__Material supplied__:
(* Let $p\ge1$ and let $f\colon[0,1]\to\mathbb{R}$ be bounded and of finite $p$-variation $V_p(f)$. Then for every $x>0$, $$\left|\int_0^1 f(t)e(xt)\,dt\right|\le V_p(f)\left(\frac1x\right)^{\frac1p}+\frac{\|f\|_{L^\infty}}{x}.$$
   Context: $e(t):=e^{-2\pi\mathrm{i}t}$. For $p\ge1$ the $p$-variation of $f\colon[0,1]\to\mathbb{C}$ is $V_p(f)=\left(\sup\sum_{k=1}^n|f(x_k)-f(x_{k-1})|^p\right)^{1/p}\in[0,\infty]$, the supremum over all $n\in\mathbb{N}$ and partitions $0=x_0<x_1<\dots<x_n=1$; $f$ is of finite $p$-variation if $V_p(f)<\infty$. *)

theory Defs
  imports "HOL-Analysis.Analysis"
begin

definition e :: "real \<Rightarrow> complex" where
  "e t = exp (- 2 * complex_of_real pi * \<i> * complex_of_real t)"

definition pvar_sums :: "real \<Rightarrow> (real \<Rightarrow> 'a::real_normed_vector) \<Rightarrow> real set" where
  "pvar_sums p f = {(\<Sum>k\<in>{1..n}. norm (f (x k) - f (x (k - 1))) powr p) | n x.
       n \<ge> 1 \<and> x 0 = 0 \<and> x n = 1 \<and> (\<forall>k<n. x k < x (Suc k))}"

definition finite_pvariation :: "real \<Rightarrow> (real \<Rightarrow> 'a::real_normed_vector) \<Rightarrow> bool" where
  "finite_pvariation p f \<longleftrightarrow> bdd_above (pvar_sums p f)"

definition pvariation :: "real \<Rightarrow> (real \<Rightarrow> 'a::real_normed_vector) \<Rightarrow> real" where
  "pvariation p f = (Sup (pvar_sums p f)) powr (1 / p)"

definition Linf_norm :: "(real \<Rightarrow> real) \<Rightarrow> real" where
  "Linf_norm f = Inf {C. C \<ge> 0 \<and> (AE t in lebesgue. t \<in> {0..1} \<longrightarrow> \<bar>f t\<bar> \<le> C)}"

end
(* Let $X$ and $Y$ be real Banach spaces with $Y$ a dual Banach space, let $\mathcal{M}:\ell^{\infty}(X,Y)\to Y$ be a generalized invariant mean, and let $P_X^Y:Lip_0(X,Y)\to L(X,Y)$ be defined by $P_X^Y(f)(z)=\mathcal{M}(\phi_f(z))$ for $f\in Lip_0(X,Y)$, $z\in X$, where $\phi_f(z)\in\ell^\infty(X,Y)$ is the map $x\mapsto f(z+x)-f(x)$. Then $Lip_0(X,Y)$ is topologically isomorphic to $L(X,Y)\oplus_1\ker(P_X^Y)$, via $f\mapsto (P_X^Y(f), f-P_X^Y(f))$.
   Context: $Lip_0(X,Y)$ is the Banach space of Lipschitz maps $f:X\to Y$ with $f(0)=0$ and norm $Lip(f)=\sup_{x\neq y}\|f(x)-f(y)\|/\|x-y\|$; $L(X,Y)$ is the space of bounded linear operators with the operator norm, a closed subspace of $Lip_0(X,Y)$. $\ell^\infty(X,Y)$ is the Banach space of bounded maps $X\to Y$ with the sup norm. A generalized invariant mean is a norm-one linear operator $\mathcal{M}:\ell^\infty(X,Y)\to Y$ such that $\mathcal{M}(g_x)=\mathcal{M}(g)$ for all $g\in\ell^\infty(X,Y)$, $x\in X$, where $g_x(z)=g(x+z)$, and $\mathcal{M}(\hat y)=y$ for every $y\in Y$, where $\hat y$ is the constant map with value $y$ (such an operator exists when $Y$ is a dual space). With these, $P_X^Y$ is a well-defined map into $L(X,Y)$. The space $L(X,Y)\oplus_1\ker(P_X^Y)$ carries the norm $\|(T,g)\|=\|T\|+Lip(g)$. *)

theory Defs
  imports "HOL-Analysis.Analysis"
begin

definition lipnorm :: "('a::real_normed_vector \<Rightarrow> 'b::real_normed_vector) \<Rightarrow> real" where
  "lipnorm f = Sup (insert 0 {norm (f x - f y) / norm (x - y) | x y. x \<noteq> y})"

definition Lip0 :: "('a::real_normed_vector \<Rightarrow> 'b::real_normed_vector) set" where
  "Lip0 = {f. f 0 = 0 \<and> (\<exists>C. C-lipschitz_on UNIV f)}"

definition Lin :: "('a::real_normed_vector \<Rightarrow> 'b::real_normed_vector) set" where
  "Lin = {T. bounded_linear T}"

definition linf :: "('a \<Rightarrow> 'b::real_normed_vector) set" where
  "linf = {g. bounded (range g)}"

definition supn :: "('a \<Rightarrow> 'b::real_normed_vector) \<Rightarrow> real" where
  "supn g = Sup (insert 0 (range (\<lambda>x. norm (g x))))"

text \<open>Y is a dual Banach space: isometrically isomorphic to the dual of the Banach space 'z.\<close>
definition dual_space_via :: "('b::real_normed_vector \<Rightarrow> ('z::banach \<Rightarrow>\<^sub>L real)) \<Rightarrow> bool" where
  "dual_space_via J \<longleftrightarrow> linear J \<and> bij J \<and> (\<forall>y. norm (J y) = norm y)"

definition gen_inv_mean :: "((('a::real_normed_vector) \<Rightarrow> 'b::real_normed_vector) \<Rightarrow> 'b) \<Rightarrow> bool" where
  "gen_inv_mean M \<longleftrightarrow>
     (\<forall>g\<in>linf. \<forall>h\<in>linf. \<forall>a b::real. M (\<lambda>x. a *\<^sub>R g x + b *\<^sub>R h x) = a *\<^sub>R M g + b *\<^sub>R M h)
   \<and> (\<forall>g\<in>linf. norm (M g) \<le> supn g)
   \<and> Sup (insert 0 {norm (M g) / supn g | g. g \<in> linf \<and> g \<noteq> (\<lambda>_. 0)}) = 1
   \<and> (\<forall>g\<in>linf. \<forall>x. M (\<lambda>z. g (x + z)) = M g)
   \<and> (\<forall>y. M (\<lambda>_. y) = y)"

definition PXY :: "((('a::real_normed_vector) \<Rightarrow> 'b::real_normed_vector) \<Rightarrow> 'b) \<Rightarrow> ('a \<Rightarrow> 'b) \<Rightarrow> ('a \<Rightarrow> 'b)" where
  "PXY M f = (\<lambda>z. M (\<lambda>x. f (z + x) - f x))"

definition kerP :: "((('a::real_normed_vector) \<Rightarrow> 'b::real_normed_vector) \<Rightarrow> 'b) \<Rightarrow> ('a \<Rightarrow> 'b) set" where
  "kerP M = {g \<in> Lip0. PXY M g = (\<lambda>_. 0)}"

definition sum1norm :: "('a::real_normed_vector \<Rightarrow> 'b::real_normed_vector) \<times> ('a \<Rightarrow> 'b) \<Rightarrow> real" where
  "sum1norm p = onorm (fst p) + lipnorm (snd p)"

end

theory Submission
  imports Defs
begin

text \<open>For a Lipschitz map \<open>f\<close> the increments \<open>\<phi>\<^sub>f(z) = f(z + \<cdot>) - f\<close> are bounded by
  \<open>Lip(f) \<parallel>z\<parallel>\<close>, so \<open>P(f)(z) = M(\<phi>\<^sub>f(z))\<close> is defined and bounded by \<open>Lip(f) \<parallel>z\<parallel>\<close>.
  Since \<open>\<phi>\<^sub>f(z + w)\<close> is a translate of \<open>\<phi>\<^sub>f(z)\<close> plus \<open>\<phi>\<^sub>f(w)\<close>, translation invariance of \<open>M\<close>
  makes \<open>P(f)\<close> additive, and an additive map bounded by a multiple of the norm is real-linear.
  For linear \<open>T\<close> the increment \<open>\<phi>\<^sub>T(z)\<close> is the constant \<open>T z\<close>, which \<open>M\<close> fixes; so \<open>P\<close> is a
  linear projection of \<open>Lip\<^sub>0\<close> onto \<open>L\<close>, and \<open>f \<mapsto> (P f, f - P f)\<close> is a linear bijection onto
  \<open>L \<oplus> ker P\<close> with inverse \<open>(T, g) \<mapsto> T + g\<close>. Finally
  \<open>Lip(f) \<le> \<parallel>P f\<parallel> + Lip(f - P f) \<le> Lip(f) + 2 Lip(f)\<close>.\<close>

lemma lipschitz_on_difference_quotient_le:
  assumes "C-lipschitz_on UNIV f"
    and "r \<in> insert 0 {norm (f x - f y) / norm (x - y) |x y. x \<noteq> y}"
  shows "r \<le> C"
  using assms lipschitz_on_nonneg[OF assms(1)] lipschitz_on_normD[OF assms(1)]
  by (auto simp: pos_divide_le_eq)

lemma lipnorm_least:
  assumes "C-lipschitz_on UNIV f"
  shows "lipnorm f \<le> C"
  unfolding lipnorm_def
  by (rule cSup_least) (auto intro: lipschitz_on_difference_quotient_le[OF assms])

lemma lipschitz_on_lipnorm:
  assumes "C-lipschitz_on UNIV f"
  shows "(lipnorm f)-lipschitz_on UNIV f"
proof -
  let ?S = "insert 0 {norm (f x - f y) / norm (x - y) |x y. x \<noteq> y}"
  have bdd: "bdd_above ?S"
    using lipschitz_on_difference_quotient_le[OF assms] by (rule bdd_aboveI)
  show ?thesis
  proof (rule lipschitz_onI)
    show "0 \<le> lipnorm f"
      unfolding lipnorm_def by (rule cSup_upper[OF _ bdd]) simp
    show "dist (f x) (f y) \<le> lipnorm f * dist x y" for x y
    proof (cases "x = y")
      case False
      have "norm (f x - f y) / norm (x - y) \<le> lipnorm f"
        unfolding lipnorm_def by (rule cSup_upper[OF _ bdd]) (use False in blast)
      then show ?thesis
        using False by (simp add: dist_norm pos_divide_le_eq)
    qed simp
  qed
qed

__Exercise aim__: Find every line in the records that has the string "using", then state how many there are and nothing else.

__Result__: 3